Кончина | страница 23



Иван штудировал Лекутэ.

Ему исполнилось семнадцать лет, когда загремело по стране:


Это есть наш последний и решительный бой!

Село жило как в осаде. Мир, вставший дыбом, обложил со всех сторон Пожары. Голодный, тифозный, озлобленный, время от времени этот мир засылал продотряды — небритых, угрюмых, напористых людей с винтовками и наганами.

— Показывай, где хлеб?

И откидывались крышки погребов, выворачивались половицы, разметывались укладки сена и прошлогодней соломы.

Село робко пряталось по избам, с тоской молило: «Пронеси, господи, лихую напасть!»

Иван сразу же после революции бросил гимназию. До нее ли — потянуло домой, к земле.

К земле! — звало Ивана воспоминание об отцовском покойном счастье. К земле! — знал читанный и перечитанный Лекутэ. К земле! — звало и гордое:


Это есть наш последний и решительный бой!

«Последний и решительный…» Но последний ли? Разве не придется воевать с пожарской землей? С винтовкой на эту клятую землю не пойдешь. Не всем стрелять, кто-то и пахать должен. До сих пор те, кто читал Лекутэ, сами не пахали и не сеяли. А кто надрывался на пахоте, не только Лекутэ, календарей не читали.

Будь жив учитель Семиреченский, он бы понял Ивана, а отец встретил его с вожжами в руках:

— Пахать то и без гимназий можно! Для того я, дурак, на квасе сидел…

Иван отобрал у отца вожжи, отец заплакал.

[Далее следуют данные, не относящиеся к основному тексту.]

lemma mult_mat_vec_index_sum:
  assumes "A \<in> carrier_mat m n" "x \<in> carrier_vec n" "i < m"
  shows "(A *\<^sub>v x)$i = (\<Sum>j<n. A$$(i,j) * x$j)"
  using assms by (auto simp: scalar_prod_def atLeast0LessThan intro!: sum.cong)

lemma mult_mat_index_sum:
  assumes "A \<in> carrier_mat m l" "B \<in> carrier_mat l n" "i < m" "j < n"
  shows "(A * B)$$(i,j) = (\<Sum>k<l. A$$(i,k) * B$$(k,j))"
  using assms by (auto simp: scalar_prod_def atLeast0LessThan intro!: sum.cong)

lemma cmod_sum_mult_sq_le:
  "(cmod (\<Sum>j\<in>J. a j * b j))\<^sup>2 \<le> (\<Sum>j\<in>J. (cmod (a j))\<^sup>2) * (\<Sum>j\<in>J. (cmod (b j))\<^sup>2)"
proof -
  have "cmod (\<Sum>j\<in>J. a j * b j) \<le> (\<Sum>j\<in>J. cmod (a j) * cmod (b j))"
    by (metis (no_types, lifting) norm_mult norm_sum sum.cong)
  hence "(cmod (\<Sum>j\<in>J. a j * b j))\<^sup>2 \<le> (\<Sum>j\<in>J. cmod (a j) * cmod (b j))\<^sup>2"
    by (intro power_mono) auto
  also have "\<dots> \<le> (\<Sum>j\<in>J. (cmod (a j))\<^sup>2) * (\<Sum>j\<in>J. (cmod (b j))\<^sup>2)"
    by (rule Cauchy_Schwarz_ineq_sum)
  finally show ?thesis .
qed

lemma cmod_sum_cnj_mult_sq_le:
  assumes "x \<in> carrier_vec n" "y \<in> carrier_vec n"
  shows "(cmod (\<Sum>i<n. cnj (x$i) * y$i))\<^sup>2 \<le> vec_norm_sq x * vec_norm_sq y"
  using cmod_sum_mult_sq_le[of "\<lambda>i. cnj (x$i)" "\<lambda>i. y$i" "{..<n}"] assms
  unfolding vec_norm_sq_def by simp

lemma vec_norm_sq_mult_mat_vec_le:
  assumes A: "A \<in> carrier_mat m n" and x: "x \<in> carrier_vec n"
  shows "vec_norm_sq (A *\<^sub>v x) \<le> fro_norm_sq A * vec_norm_sq x"
proof -
  have "vec_norm_sq (A *\<^sub>v x) = (\<Sum>i<m. (cmod (\<Sum>j<n. A$$(i,j) * x$j))\<^sup>2)"
    unfolding vec_norm_sq_def using A x
    by (intro sum.cong) (auto simp: mult_mat_vec_def scalar_prod_def atLeast0LessThan)
  also have "\<dots> \<le> (\<Sum>i<m. (\<Sum>j<n. (cmod (A$$(i,j)))\<^sup>2) * (\<Sum>j<n. (cmod (x$j))\<^sup>2))"
    by (intro sum_mono cmod_sum_mult_sq_le)
  also have "\<dots> = fro_norm_sq A * vec_norm_sq x"
    using A x unfolding fro_norm_sq_def vec_norm_sq_def by (simp add: sum_distrib_right)
  finally show ?thesis .
qed

lemma cmod_add_sq_le: "(cmod (a + b))\<^sup>2 \<le> 2 * (cmod a)\<^sup>2 + 2 * (cmod b)\<^sup>2"
proof -
  have "(cmod (a + b))\<^sup>2 \<le> (cmod a + cmod b)\<^sup>2" by (intro power_mono norm_triangle_ineq) auto
  also have "\<dots> \<le> 2 * (cmod a)\<^sup>2 + 2 * (cmod b)\<^sup>2"
    using sum_squares_bound[of "cmod a" "cmod b"] by (simp add: power2_sum)
  finally show ?thesis .
qed

lemma vec_norm_sq_add_le:
  assumes a: "a \<in> carrier_vec n" and b: "b \<in> carrier_vec n"
  shows "vec_norm_sq (a + b) \<le> 2 * vec_norm_sq a + 2 * vec_norm_sq b"
proof -
  have "vec_norm_sq (a + b) = (\<Sum>i<n. (cmod (a$i + b$i))\<^sup>2)"
    unfolding vec_norm_sq_def using a b by simp
  also have "\<dots> \<le> (\<Sum>i<n. 2 * (cmod (a$i))\<^sup>2 + 2 * (cmod (b$i))\<^sup>2)"
    by (intro sum_mono cmod_add_sq_le)
  also have "\<dots> = 2 * vec_norm_sq a + 2 * vec_norm_sq b"
    unfolding vec_norm_sq_def using a b by (simp add: sum.distrib sum_distrib_left)
  finally show ?thesis .
qed

lemma vec_norm_sq_eq_0_imp:
  assumes x: "x \<in> carrier_vec n" and z: "vec_norm_sq x = 0" shows "x = 0\<^sub>v n"
proof -
  have "\<forall>i\<in>{..<n}. (cmod (x$i))\<^sup>2 = 0"
    using z x unfolding vec_norm_sq_def by (subst sum_nonneg_eq_0_iff[symmetric]) auto
  thus ?thesis using x by (intro eq_vecI) auto
qed

lemma vec_norm_sq_smult: "vec_norm_sq (c \<cdot>\<^sub>v x) = (cmod c)\<^sup>2 * vec_norm_sq x"
  unfolding vec_norm_sq_def by (simp add: sum_distrib_left norm_mult power_mult_distrib)

lemma vec_norm_sq_ge_entry:
  assumes "x \<in> carrier_vec n" "i < n" shows "(cmod (x$i))\<^sup>2 \<le> vec_norm_sq x"
  unfolding vec_norm_sq_def using assms by (intro member_le_sum) auto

У старого Слегова все шло вкривь и вкось: мобилизовали лошадь, оставили кобыленку недоростка, забрали хлеб по разверстке. «Латай портки вовремя…» Где уж… И на вот — сын, последняя надежда, отказывается учиться, вернулся на насест, значит, будет, как все, мужиком, быдлом, косолапой деревенщиной. А думалось — не отцовская доля, выбьется в люди: «Не пачкайся навозом, сокол ясный, береги себя, тебе высоко летать».

Прилетел, кукарекает:

— Хочу пахать землю!

От сплошных огорчений отец как-то круто свернулся, три месяца поболел и умер, а за ним и мать слегла на печь, тихо угасала…

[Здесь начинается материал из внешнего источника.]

lemma bil_span_orth:
  assumes "\<forall>x\<in>S. \<forall>y\<in>T. bil B x y = 0" "x \<in> span S" "y \<in> span T"
  shows "bil B x y = 0"
proof -
  have "\<forall>y\<in>T. bil B x y = 0"
  proof
    fix y assume "y \<in> T"
    have "subspace {x. bil B x y = 0}" by (auto simp: subspace_def bil_simps)
    from span_induct[OF assms(2) this] show "bil B x y = 0"
      using assms(1) \<open>y \<in> T\<close> by auto
  qed
  then show ?thesis using span_induct[OF assms(3) subspace_bil_ker[of B x]] by auto
qed

lemma bil_perp_span:
  "{x. \<forall>y\<in>span S. bil B x y = 0} = {x. \<forall>y\<in>S. bil B x y = 0}"
  using bil_span_orth[of "{_}" S B] by (auto simp: span_base)

lemma nonpos_orthogonal_sum:
  assumes sym: "transpose B = B"
    and X: "\<forall>x\<in>X. bil B x x \<le> 0" and Y: "\<forall>y\<in>Y. bil B y y \<le> 0"
    and XY: "\<forall>x\<in>X. \<forall>y\<in>Y. bil B x y = 0"
    and z: "z \<in> {x + y |x y. x \<in> X \<and> y \<in> Y}"
  shows "bil B z z \<le> 0"
proof -
  obtain x y where xy: "z = x + y" "x \<in> X" "y \<in> Y" using z by blast
  have "bil B z z = bil B x x + bil B y y"
    using XY xy bil_sym[OF sym, of y x] by (simp add: bil_simps)
  then show ?thesis using X Y xy by (smt (verit))
qed

lemma positive_plane:
  assumes sym: "transpose B = B"
    and a: "bil B a a > 0" and x: "bil B x x > 0" and ax: "bil B a x = 0"
  shows "pos_def_on B (span {a, x})" "dim (span {a, x}) = 2"
proof -
  have xa: "bil B x a = 0" using ax bil_sym[OF sym] by metis
  have "a \<notin> span {x}"
  proof
    assume "a \<in> span {x}"
    then obtain k where k: "a = k *\<^sub>R x" by (auto simp: span_singleton)
    then have "k = 0" using ax x by (simp add: bil_simps)
    then show False using k a by simp
  qed
  moreover have "x \<noteq> 0" using x by auto
  ultimately show "dim (span {a, x}) = 2" by (simp add: dim_insert)
  show "pos_def_on B (span {a, x})"
    unfolding pos_def_on_def
  proof (intro ballI impI)
    fix z assume z: "z \<in> span {a, x}" "z \<noteq> 0"
    then obtain s where "z - s *\<^sub>R a \<in> span {x}" by (auto simp: span_insert)
    then obtain t where "z - s *\<^sub>R a = t *\<^sub>R x" by (auto simp: span_singleton)
    then have zst: "z = s *\<^sub>R a + t *\<^sub>R x" by (simp add: algebra_simps)
    have "bil B z z = s * s * bil B a a + t * t * bil B x x"
      unfolding zst by (simp add: bil_simps ax xa)
    moreover have "0 < s * s \<or> 0 < t * t"
      using z(2) zst by (metis add_0 not_real_square_gt_zero scaleR_zero_left)
    ultimately show "bil B z z > 0"
      using a x by (smt (verit) mult_pos_pos mult_nonneg_nonneg zero_le_square)
  qed
qed

text \<open>In a space of signature (1,q), the orthogonal complement of a positive vector is
  negative semidefinite: otherwise there would be a positive definite plane.\<close>

lemma hyperbolic_perp_nonpos:
  assumes sym: "transpose B = B" and sig: "form_signature B V 1 q"
    and a: "a \<in> V" "bil B a a > 0" and x: "x \<in> V" "bil B a x = 0"
  shows "bil B x x \<le> 0"
proof (rule ccontr)
  assume "\<not> bil B x x \<le> 0"
  then have plane: "pos_def_on B (span {a, x})" "dim (span {a, x}) = 2"
    using positive_plane[OF sym a(2) _ x(2)] by auto
  have "subspace V" and maxpos: "\<And>W. subspace W \<Longrightarrow> W \<subseteq> V \<Longrightarrow> pos_def_on B W \<Longrightarrow> dim W \<le> 1"
    using sig by (auto simp: form_signature_def)
  moreover from \<open>subspace V\<close> have "span {a, x} \<subseteq> V"
    using a x by (intro span_minimal) auto
  ultimately show False using plane by fastforce
qed

text \<open>A negative semidefinite subspace meets a positive definite one trivially, which
  bounds its dimension.\<close>

lemma nonpos_subspace_dim:
  assumes sig: "form_signature B UNIV p q"
    and T: "subspace T" "\<forall>t\<in>T. bil B t t \<le> 0"
  shows "dim T + p \<le> 22"
proof -
  obtain P where P: "subspace P" "dim P = p" "pos_def_on B P"
    using sig unfolding form_signature_def by blast
  have "T \<inter> P \<subseteq> {0}"
    using T(2) P(3) unfolding pos_def_on_def by force
  then have "dim (T \<inter> P) = 0" by simp
  moreover have "dim {x + y |x y. x \<in> T \<and> y \<in> P} + dim (T \<inter> P) = dim T + dim P"
    by (rule dim_sums_Int[OF T(1) P(1)])
  moreover have "dim {x + y |x y. x \<in> T \<and> y \<in> P} \<le> 22"
    using dim_subset_UNIV[of "{x + y |x y. x \<in> T \<and> y \<in> P}"] by simp
  ultimately show ?thesis using P(2) by linarith
qed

Зимними вечерами село вымирало. Мужики ненавидели все — и новые песни, и новые речи, и новых людей в трепанных шинелях и кожушках, перепоясанных наганами, ненавидели разоренного богатея Тулупова, ненавидели друг друга, притаились по избам от злой вьюги, от чужого лиха. Эхма, от продразверстки бы спрятаться!

Будь жив учитель Семиреченский, он бы объяснил. Теперь Ивану приходилось дозревать один на один.

На лавке торчком круглое полено. В него вбит нехитрый железный светец, в огне корчится лучина, роняет угли в щербатый горшок с водой. По бревенчатым стенам бесшумная, натужная война — свет лучины воюет с мраком, шевелятся конопаченые пазы, и кажется, что потолок то подымается, то опускается до макушки.